Mohammed Akaro Mainoma is a professor of Accounting and Finance from University of Abuja. He is the immediate past Vice Chancellor of Nasarawa State University, Keffi, Nassarawa.
He is recently appointed as the President of the Association of National Accountants of Nigeria.

== Early life and education ==
Mainoma was born on September 26, 1965. He started his education at Dunama Primary School, Lafia, and attended Government Secondary School, Miango. He went to Ahmadu Bello University Zaria, Southern University Baton Rouge, University of Pittsburgh and University College Cork, Ireland. He holds B.Sc. Accounting, M.Sc. Accounting and Finance, Masters in Public Sector Accounting, from Nasarawa State University, Keffi, and Ph.D. in finance from the University of Abuja. He also holds an M.Sc. Accounting and Finance and Ph.D. from the Nigerian Defence Academy.

== Career ==
In 1990, he worked at Niger State Supply Company Ltd. He also worked with the NCR (NIG) PLC as a Planning Executive. Then in 1992, he join Ahmadu Bello University, Zaria.

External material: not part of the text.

(* Assume the penalty is $D(\hat\mu,P_{s,a})=\sup_{V\in\mathbb R^{\mathcal S}}\big(-\sigma(P_{s,a},V)-\mathbb E_{s'\sim\hat\mu}V(s')\big)$ for all $s,a$ and $\hat\mu\in\Delta(\mathcal S)$. Then for every stationary policy $\pi$, $$\overline V^\star=\widetilde V^\star,\quad \overline V^\pi=\widetilde V^\pi,\quad \overline Q^\star=\widetilde Q^\star,\quad \overline Q^\pi=\widetilde Q^\pi.$$ Writing $V^\star,V^\pi$ for these common values, for every initial state the supremum–infimum defining $\overline V^\star$ is attained by choosing actions via the deterministic stationary policy $\pi^\star(s)\in\arg\max_a\big(r(s,a)-\gamma\sigma(P_{s,a},V^\star)\big)$ and the stationary transition kernel (the same at every time $t$) $\hat P^\star_{s,a}\in\arg\min_{\hat\mu\in\Delta(\mathcal S)}\big(D(\hat\mu,P_{s,a})+\mathbb E_{s'\sim\hat\mu}V^\star(s')\big)$; and the infimum defining $\overline V^\pi$ is attained by the stationary kernel $\hat P^\pi_{s,a}\in\arg\min_{\hat\mu\in\Delta(\mathcal S)}\big(D(\hat\mu,P_{s,a})+\mathbb E_{s'\sim\hat\mu}V^\pi(s')\big)$ used at every time $t$.
   Context: $\mathcal S$ and $\mathcal A$ are finite sets; $\Delta(\mathcal X)$ denotes the probability simplex over a finite set $\mathcal X$. $P=\{P_{s,a}\}$ with $P_{s,a}\in\Delta(\mathcal S)$ is the nominal transition kernel, $r:\mathcal S\times\mathcal A\to[0,1]$, $\gamma\in[0,1)$. A stationary policy is a map $\pi:\mathcal S\to\Delta(\mathcal A)$. A function $\sigma:\mathbb R^{\mathcal S}\to\mathbb R$ is a convex risk measure if (i) $V'\le V$ pointwise implies $\sigma(V)\le\sigma(V')$; (ii) $\sigma(V+m)=\sigma(V)-m$ for every constant $m$; (iii) $\sigma$ is convex. For each $(s,a)$ a convex risk measure $\sigma(P_{s,a},\cdot)$ is given. It is known (dual representation) that with $D$ as in the claim, $\sigma(P_{s,a},V)=\sup_{\hat\mu\in\Delta(\mathcal S)}(-\mathbb E_{\hat\mu}V-D(\hat\mu,P_{s,a}))$, and $D(\cdot,P_{s,a})$ is convex and lower semicontinuous. Risk-sensitive values: $\widetilde V^\pi$ is the unique solution of $\widetilde V^\pi(s)=\sum_a\pi(a|s)(r(s,a)-\gamma\sigma(P_{s,a},\widetilde V^\pi))$, $\widetilde V^\star$ the unique solution of $\widetilde V^\star(s)=\max_a(r(s,a)-\gamma\sigma(P_{s,a},\widetilde V^\star))$, $\widetilde Q^\pi(s,a)=r(s,a)-\gamma\sigma(P_{s,a},\widetilde V^\pi)$, $\widetilde Q^\star(s,a)=r(s,a)-\gamma\sigma(P_{s,a},\widetilde V^\star)$. Regularized robust values: an adversary picks a sequence $\{\hat P_t\}_{t\ge0}$ of (time-dependent) transition kernels $\hat P_{t;s,a}\in\Delta(\mathcal S)$; trajectories evolve by $s_{t+1}\sim\hat P_{t;s_t,a_t}$. Then $\overline V^\pi(s)=\inf_{\{\hat P_t\}}\mathbb E\big[\sum_{t\ge0}\gamma^t\big(r(s_t,a_t)+\gamma D(\hat P_{t;s_t,a_t},P_{s_t,a_t})\big)\mid s_0=s\big]$ with $a_t\sim\pi(\cdot|s_t)$; $\overline V^\star(s)$ is the same expression with $\sup$ over all (possibly history-dependent) action choices $\{a_t\}_{t\ge0}$ placed before the $\inf$; $\overline Q^\pi(s,a)$ and $\overline Q^\star(s,a)$ are defined identically but with $a_0=a$ fixed (and actions $a_t$, $t\ge1$, drawn from $\pi$, resp. supremized). *)

theory Defs
  imports "HOL-Probability.Probability"
begin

== Membership and fellowship ==
He is a member of The Academy of Management Nigeria (TAMN). He is also a member Nigerian Institute of Management (NIM), Nigerian Economic Society (NES). He is a fellow of Association of National Accountants of Nigeria (ANAN) and Chartered Institute of Taxation of Nigeria (CITN). He lectured at Ahmadu Bello University, Zaria. He served as Commissioner for Finance, Nasarawa State between 2011 and 2013.

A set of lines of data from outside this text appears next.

(* Let $r\ge1$ and let $G_r(t,u,v,z)=\sum_w t^{\mathrm{length}(w)}u^{\mathrm{asc}(w)}v^{\mathrm{last}(w)}z^{\mathrm{zeros}(w)}$, summed over all ascent sequences $w=(x_1,\dots,x_n)$ with $n\ge r+1$, $x_1=\dots=x_r=0$ and $x_{r+1}=1$. Then $$(v-1-tv(1-u))\,G_r(t,u,v,z)=(v-1)t^{r+1}uvz^r+t((v-1)z-v)\,G_r(t,u,1,z)+tuv^2\,G_r(t,uv,1,z).$$
   Context: An ascent sequence of length $n$ is a sequence $(x_1,\dots,x_n)$ of nonnegative integers with $x_1=0$ and $x_i\in[0,1+\mathrm{asc}(x_1,\dots,x_{i-1})]$ for $2\le i\le n$, where $\mathrm{asc}(y_1,\dots,y_k)=|\{1\le j<k: y_j<y_{j+1}\}|$. For an ascent sequence $w$: $\mathrm{length}(w)$ is its number of entries, $\mathrm{asc}(w)$ its number of ascents, $\mathrm{last}(w)$ its rightmost entry, $\mathrm{zeros}(w)$ its number of entries equal to 0. $G_r$ is a formal power series in $t$ with polynomial coefficients in $u,v,z$; $G_r(t,u,1,z)$ and $G_r(t,uv,1,z)$ denote the substitutions $v\mapsto1$ and $(u,v)\mapsto(uv,1)$ respectively. *)

theory Defs
  imports "HOL-Computational_Algebra.Formal_Power_Series"
begin

definition asc :: "nat list \<Rightarrow> nat" where
  "asc ys = card {j. j + 1 < length ys \<and> ys ! j < ys ! (j + 1)}"

definition ascent_seq :: "nat list \<Rightarrow> bool" where
  "ascent_seq xs \<longleftrightarrow> xs \<noteq> [] \<and> xs ! 0 = 0 \<and>
     (\<forall>i. 1 \<le> i \<and> i < length xs \<longrightarrow> xs ! i \<le> 1 + asc (take i xs))"

definition zeros :: "nat list \<Rightarrow> nat" where
  "zeros xs = length (filter (\<lambda>x. x = 0) xs)"

definition AS_r :: "nat \<Rightarrow> nat \<Rightarrow> nat list set" where
  "AS_r r n = {w. ascent_seq w \<and> length w = n \<and> r + 1 \<le> n \<and>
                  (\<forall>i<r. w ! i = 0) \<and> w ! r = 1}"

text \<open>G_r(t,u,v,z) as a formal power series in t, with coefficients evaluated at
  u, v, z in an arbitrary commutative ring (e.g. a polynomial ring).\<close>
definition G :: "nat \<Rightarrow> 'a::comm_ring_1 \<Rightarrow> 'a \<Rightarrow> 'a \<Rightarrow> 'a fps" where
  "G r u v z = Abs_fps (\<lambda>n. \<Sum>w\<in>AS_r r n. u ^ asc w * v ^ last w * z ^ zeros w)"

end

theory Submission
  imports Defs
begin

text \<open>Every sequence counted by the coefficient of \<open>t\<^sup>m\<^sup>+\<^sup>1\<close> of \<open>G\<^sub>r\<close>, \<open>m > r\<close>, arises in
  exactly one way by appending an entry \<open>x \<in> [0, 1 + asc w]\<close> to a sequence \<open>w\<close> counted by
  the coefficient of \<open>t\<^sup>m\<close>. Appending \<open>x\<close> replaces \<open>v\<^bsup>last w\<^esup>\<close> by \<open>v\<^sup>x\<close> and contributes a
  factor \<open>u\<close> if \<open>x > last w\<close> and a factor \<open>z\<close> if \<open>x = 0\<close>. Multiplied by \<open>v - 1\<close>, the sum over
  \<open>x\<close> telescopes into \<open>(v - 1) z - v + v\<^bsup>last w+1\<^esup> + u (v\<^bsup>asc w+2\<^esup> - v\<^bsup>last w+1\<^esup>)\<close>, using
  \<open>last w \<le> 1 + asc w\<close>. Comparing coefficients yields the functional equation; the term
  \<open>t\<^sup>r\<^sup>+\<^sup>1\<close> accounts for the single shortest sequence \<open>0\<^sup>r1\<close>.\<close>

lemma asc_snoc:
  assumes "w \<noteq> []"
  shows "asc (w @ [x]) = asc w + (if last w < x then 1 else 0)"
proof -
  let ?S = "{j. j + 1 < length w \<and> w ! j < w ! (j + 1)}"
  have "{j. j + 1 < length (w @ [x]) \<and> (w @ [x]) ! j < (w @ [x]) ! (j + 1)}
      = ?S \<union> (if last w < x then {length w - 1} else {})"
  proof (rule set_eqI)
    fix j
    consider "j + 1 < length w" | "j + 1 = length w" | "j + 1 > length w" by linarith
    then show "j \<in> {j. j + 1 < length (w @ [x]) \<and> (w @ [x]) ! j < (w @ [x]) ! (j + 1)}
      \<longleftrightarrow> j \<in> ?S \<union> (if last w < x then {length w - 1} else {})"
      by cases (use assms in \<open>auto simp: nth_append last_conv_nth dest: sym[of "Suc j"]\<close>)
  qed
  moreover have "finite ?S" by (rule finite_subset[of _ "{..<length w}"]) auto
  ultimately show ?thesis using assms by (simp add: asc_def card_insert_if)
qed

lemma zeros_snoc: "zeros (w @ [x]) = zeros w + (if x = 0 then 1 else 0)"
  by (simp add: zeros_def)

lemma asc_le_length: "asc ys \<le> length ys"
proof -
  have "{j. j + 1 < length ys \<and> ys ! j < ys ! (j + 1)} \<subseteq> {..<length ys}" by auto
  then show ?thesis unfolding asc_def by (metis card_lessThan card_mono finite_lessThan)
qed

lemma ascent_seq_snoc:
  assumes "w \<noteq> []"
  shows "ascent_seq (w @ [x]) \<longleftrightarrow> ascent_seq w \<and> x \<le> 1 + asc w"
proof -
  have "(\<forall>i. 1 \<le> i \<and> i < length (w @ [x]) \<longrightarrow> (w @ [x]) ! i \<le> 1 + asc (take i (w @ [x])))
    \<longleftrightarrow> (\<forall>i. 1 \<le> i \<and> i < length w \<longrightarrow> w ! i \<le> 1 + asc (take i w)) \<and> x \<le> 1 + asc w"
    using assms by (auto simp: nth_append less_Suc_eq Suc_le_eq)
  then show ?thesis using assms by (simp add: ascent_seq_def nth_append)
qed

lemma ascent_seq_last_le:
  assumes "ascent_seq w" "length w \<ge> 2"
  shows "last w \<le> 1 + asc w"
proof -
  have ne: "butlast w \<noteq> []" using assms(2) by (cases w rule: rev_cases) auto
  have w: "w = butlast w @ [last w]" using assms(2) by (cases w rule: rev_cases) auto
  have "ascent_seq (butlast w @ [last w])" using assms(1) w by simp
  then have "last w \<le> 1 + asc (butlast w)" using ascent_seq_snoc[OF ne] by blast
  moreover have "asc (butlast w) \<le> asc w" using asc_snoc[OF ne, of "last w"] w by simp
  ultimately show ?thesis by simp
qed

lemma ascent_seq_nth_le_length:
  assumes "ascent_seq w" "i < length w"
  shows "w ! i \<le> length w"
proof (cases "i = 0")
  case True
  then show ?thesis using assms by (simp add: ascent_seq_def)
next
  case False
  then have "w ! i \<le> 1 + asc (take i w)" using assms by (simp add: ascent_seq_def)
  also have "\<dots> \<le> length w" using asc_le_length[of "take i w"] assms(2) by simp
  finally show ?thesis .
qed

lemma finite_ascent_seqs_length: "finite {w. ascent_seq w \<and> length w = n}"
proof (rule finite_subset)
  show "{w. ascent_seq w \<and> length w = n} \<subseteq> {w. set w \<subseteq> {..n} \<and> length w = n}"
    by (auto simp: in_set_conv_nth dest: ascent_seq_nth_le_length)
qed (simp add: finite_lists_length_eq)

lemma AS_r_eq_empty: "n < r + 1 \<Longrightarrow> AS_r r n = {}"
  by (auto simp: AS_r_def)

lemma finite_AS_r: "finite (AS_r r n)"
  by (rule finite_subset[OF _ finite_ascent_seqs_length[of n]]) (auto simp: AS_r_def)

lemma AS_r_initial:
  assumes "r \<ge> 1"
  shows "AS_r r (r + 1) = {replicate r 0 @ [1]}"
proof
  show "AS_r r (r + 1) \<subseteq> {replicate r 0 @ [1]}"
    by (auto simp: AS_r_def nth_append less_Suc_eq intro!: nth_equalityI)
  have "ascent_seq (replicate r (0::nat))" using assms by (auto simp: ascent_seq_def)
  then have "ascent_seq (replicate r 0 @ [1])" using assms by (simp add: ascent_seq_snoc)
  then show "{replicate r 0 @ [1]} \<subseteq> AS_r r (r + 1)" by (auto simp: AS_r_def nth_append)
qed

lemma AS_r_Suc:
  assumes "m \<ge> r + 1"
  shows "AS_r r (Suc m) = (\<lambda>(w, x). w @ [x]) ` (SIGMA w:AS_r r m. {0..1 + asc w})"
proof
  show "AS_r r (Suc m) \<subseteq> (\<lambda>(w, x). w @ [x]) ` (SIGMA w:AS_r r m. {0..1 + asc w})"
  proof
    fix w' assume w': "w' \<in> AS_r r (Suc m)"
    then obtain w x where split: "w' = w @ [x]" and len: "length w = m"
      by (cases w' rule: rev_cases) (auto simp: AS_r_def)
    then have "w \<noteq> []" using assms by auto
    with w' split len assms have "w \<in> AS_r r m" "x \<le> 1 + asc w"
      by (auto simp: AS_r_def nth_append ascent_seq_snoc)
    with split show "w' \<in> (\<lambda>(w, x). w @ [x]) ` (SIGMA w:AS_r r m. {0..1 + asc w})" by force
  qed
  show "(\<lambda>(w, x). w @ [x]) ` (SIGMA w:AS_r r m. {0..1 + asc w}) \<subseteq> AS_r r (Suc m)"
  proof clarify
    fix w x assume w: "w \<in> AS_r r m" and x: "x \<in> {0..1 + asc w}"
    then have "w \<noteq> []" using assms by (auto simp: AS_r_def)
    with w x assms show "w @ [x] \<in> AS_r r (Suc m)"
      by (auto simp: AS_r_def nth_append ascent_seq_snoc)
  qed
qed

lemma sum_append_factor:
  fixes u v z :: "'a::comm_ring_1"
  shows "(v - 1) * (\<Sum>x=0..c. (if l < x then u else 1) * v ^ x * (if x = 0 then z else 1))
    = (v - 1) * z - v + v ^ (min c l + 1) + u * (v ^ (c + 1) - v ^ (min c l + 1))"
proof (induction c)
  case (Suc c)
  show ?case
  proof (cases "Suc c \<le> l")
    case True
    then have "min (Suc c) l = Suc c" "min c l = c" by auto
    with Suc.IH True show ?thesis unfolding sum.atLeast0_atMost_Suc by (simp add: algebra_simps)
  next
    case False
    then have "min (Suc c) l = l" "min c l = l" by auto
    with Suc.IH False show ?thesis unfolding sum.atLeast0_atMost_Suc by (simp add: algebra_simps)
  qed
qed (simp add: algebra_simps)

definition seq_weight :: "'a::comm_ring_1 \<Rightarrow> 'a \<Rightarrow> 'a \<Rightarrow> nat list \<Rightarrow> 'a" where
  "seq_weight u v z w = u ^ asc w * v ^ last w * z ^ zeros w"

lemma fps_nth_G: "fps_nth (G r u v z) n = (\<Sum>w\<in>AS_r r n. seq_weight u v z w)"
  by (simp add: G_def seq_weight_def)

lemma seq_weight_snoc:
  assumes "w \<noteq> []"
  shows "seq_weight u v z (w @ [x])
    = seq_weight u 1 z w * ((if last w < x then u else 1) * v ^ x * (if x = 0 then z else 1))"
  using assms by (simp add: seq_weight_def asc_snoc zeros_snoc power_add)

lemma seq_weight_extension_sum:
  fixes u v z :: "'a::comm_ring_1"
  assumes "w \<noteq> []" "last w \<le> 1 + asc w"
  shows "(v - 1) * (\<Sum>x=0..1 + asc w. seq_weight u v z (w @ [x])) - v * (1 - u) * seq_weight u v z w
    = ((v - 1) * z - v) * seq_weight u 1 z w + u * v ^ 2 * seq_weight (u * v) 1 z w"
proof -
  let ?ext = "\<lambda>x. (if last w < x then u else 1) * v ^ x * (if x = 0 then z else 1)"
  have "(\<Sum>x=0..1 + asc w. seq_weight u v z (w @ [x])) = seq_weight u 1 z w * (\<Sum>x=0..1 + asc w. ?ext x)"
    by (simp only: seq_weight_snoc[OF assms(1)] sum_distrib_left)
  then have "(v - 1) * (\<Sum>x=0..1 + asc w. seq_weight u v z (w @ [x]))
      = seq_weight u 1 z w * ((v - 1) * (\<Sum>x=0..1 + asc w. ?ext x))"
    by (simp only: mult.left_commute)
  also have "\<dots> = seq_weight u 1 z w
      * ((v - 1) * z - v + v ^ (last w + 1) + u * (v ^ (1 + asc w + 1) - v ^ (last w + 1)))"
    by (simp only: sum_append_factor min_absorb2[OF assms(2)])
  finally show ?thesis
    by (simp add: seq_weight_def power_mult_distrib algebra_simps power2_eq_square)
qed

lemma G_nth_less: "n < r + 1 \<Longrightarrow> fps_nth (G r u v z) n = 0"
  by (simp add: fps_nth_G AS_r_eq_empty)

lemma G_nth_initial:
  assumes "r \<ge> 1"
  shows "fps_nth (G r u v z) (Suc r) = u * v * z ^ r"
proof -
  have "asc (replicate r (0::nat)) = 0" by (simp add: asc_def cong: conj_cong)
  then have "asc (replicate r 0 @ [1::nat]) = 1" using assms by (simp add: asc_snoc)
  then show ?thesis
    using AS_r_initial[OF assms] by (simp add: fps_nth_G seq_weight_def zeros_def)
qed

lemma G_nth_Suc:
  assumes "m \<ge> r + 1"
  shows "fps_nth (G r u v z) (Suc m) = (\<Sum>w\<in>AS_r r m. \<Sum>x=0..1 + asc w. seq_weight u v z (w @ [x]))"
proof -
  have inj: "inj_on (\<lambda>(w, x). w @ [x]) (SIGMA w:AS_r r m. {0..1 + asc w})"
    by (auto simp: inj_on_def)
  have "(\<Sum>w\<in>AS_r r m. \<Sum>x=0..1 + asc w. seq_weight u v z (w @ [x]))
      = (\<Sum>(w, x)\<in>(SIGMA w:AS_r r m. {0..1 + asc w}). seq_weight u v z (w @ [x]))"
    by (rule sum.Sigma) (simp_all add: finite_AS_r)
  also have "\<dots> = fps_nth (G r u v z) (Suc m)"
    unfolding fps_nth_G AS_r_Suc[OF assms] sum.reindex[OF inj] by (simp add: case_prod_beta)
  finally show ?thesis ..
qed

lemma G_coeff_recurrence:
  fixes u v z :: "'a::comm_ring_1"
  assumes "r \<ge> 1"
  shows "(v - 1) * fps_nth (G r u v z) (Suc m) - v * (1 - u) * fps_nth (G r u v z) m
    = (if m = r then (v - 1) * u * v * z ^ r else 0)
      + ((v - 1) * z - v) * fps_nth (G r u 1 z) m + u * v ^ 2 * fps_nth (G r (u * v) 1 z) m"
proof -
  consider "m < r" | "m = r" | "m \<ge> r + 1" by linarith
  then show ?thesis
  proof cases
    case 1
    then show ?thesis by (simp add: G_nth_less)
  next
    case 2
    then show ?thesis by (simp add: G_nth_initial[OF assms] G_nth_less algebra_simps)
  next
    case 3
    have "w \<noteq> [] \<and> last w \<le> 1 + asc w" if "w \<in> AS_r r m" for w
      using that 3 assms ascent_seq_last_le[of w] by (auto simp: AS_r_def)
    then have per_prefix: "(v - 1) * (\<Sum>x=0..1 + asc w. seq_weight u v z (w @ [x]))
        - v * (1 - u) * seq_weight u v z w
      = ((v - 1) * z - v) * seq_weight u 1 z w + u * v ^ 2 * seq_weight (u * v) 1 z w"
      if "w \<in> AS_r r m" for w
      using that seq_weight_extension_sum by blast
    have "(v - 1) * fps_nth (G r u v z) (Suc m) - v * (1 - u) * fps_nth (G r u v z) m
        = (\<Sum>w\<in>AS_r r m. (v - 1) * (\<Sum>x=0..1 + asc w. seq_weight u v z (w @ [x]))
            - v * (1 - u) * seq_weight u v z w)"
      unfolding G_nth_Suc[OF 3] unfolding fps_nth_G sum_subtractf sum_distrib_left ..
    also have "\<dots> = (\<Sum>w\<in>AS_r r m.
        ((v - 1) * z - v) * seq_weight u 1 z w + u * v ^ 2 * seq_weight (u * v) 1 z w)"
      using per_prefix by (rule sum.cong[OF refl])
    finally show ?thesis using 3 by (simp add: fps_nth_G sum.distrib sum_distrib_left)
  qed
qed

theorem lemma2:
  fixes u v z :: "'a::comm_ring_1" and r :: nat
  assumes "r \<ge> 1"
  shows "(fps_const (v - 1) - fps_X * fps_const (v * (1 - u))) * G r u v z
         = fps_const ((v - 1) * u * v * z ^ r) * fps_X ^ (r + 1)
           + fps_X * fps_const ((v - 1) * z - v) * G r u 1 z
           + fps_X * fps_const (u * v ^ 2) * G r (u * v) 1 z"
proof (rule fps_ext, goal_cases)
  case (1 n)
  show ?case
  proof (cases n)
    case 0
    then show ?thesis using assms by (simp add: algebra_simps G_nth_less)
  next
    case (Suc m)
    then show ?thesis
      using G_coeff_recurrence[OF assms, of v u z m] by (cases "m = r") (simp_all add: algebra_simps)
  qed
qed

end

He was the President of the Nigerian Accounting Association (2002–2012). He is a President of the Institute of Financial and Investment Analysts (IFIAN). He was a council member of the Nigerian Accounting Standard Board (NASB) (now the Financial Reporting Council of Nigeria). He is a Member of the Nasarawa State Governing Council representing Senate, the Governing Council of Association of National Accountants of Nigeria (ANAN) and Chartered Institute of Taxation of Nigeria (CITN). He is a member of ICT University Balori Rouge USA and International Association of Accounting Educators and Researchers.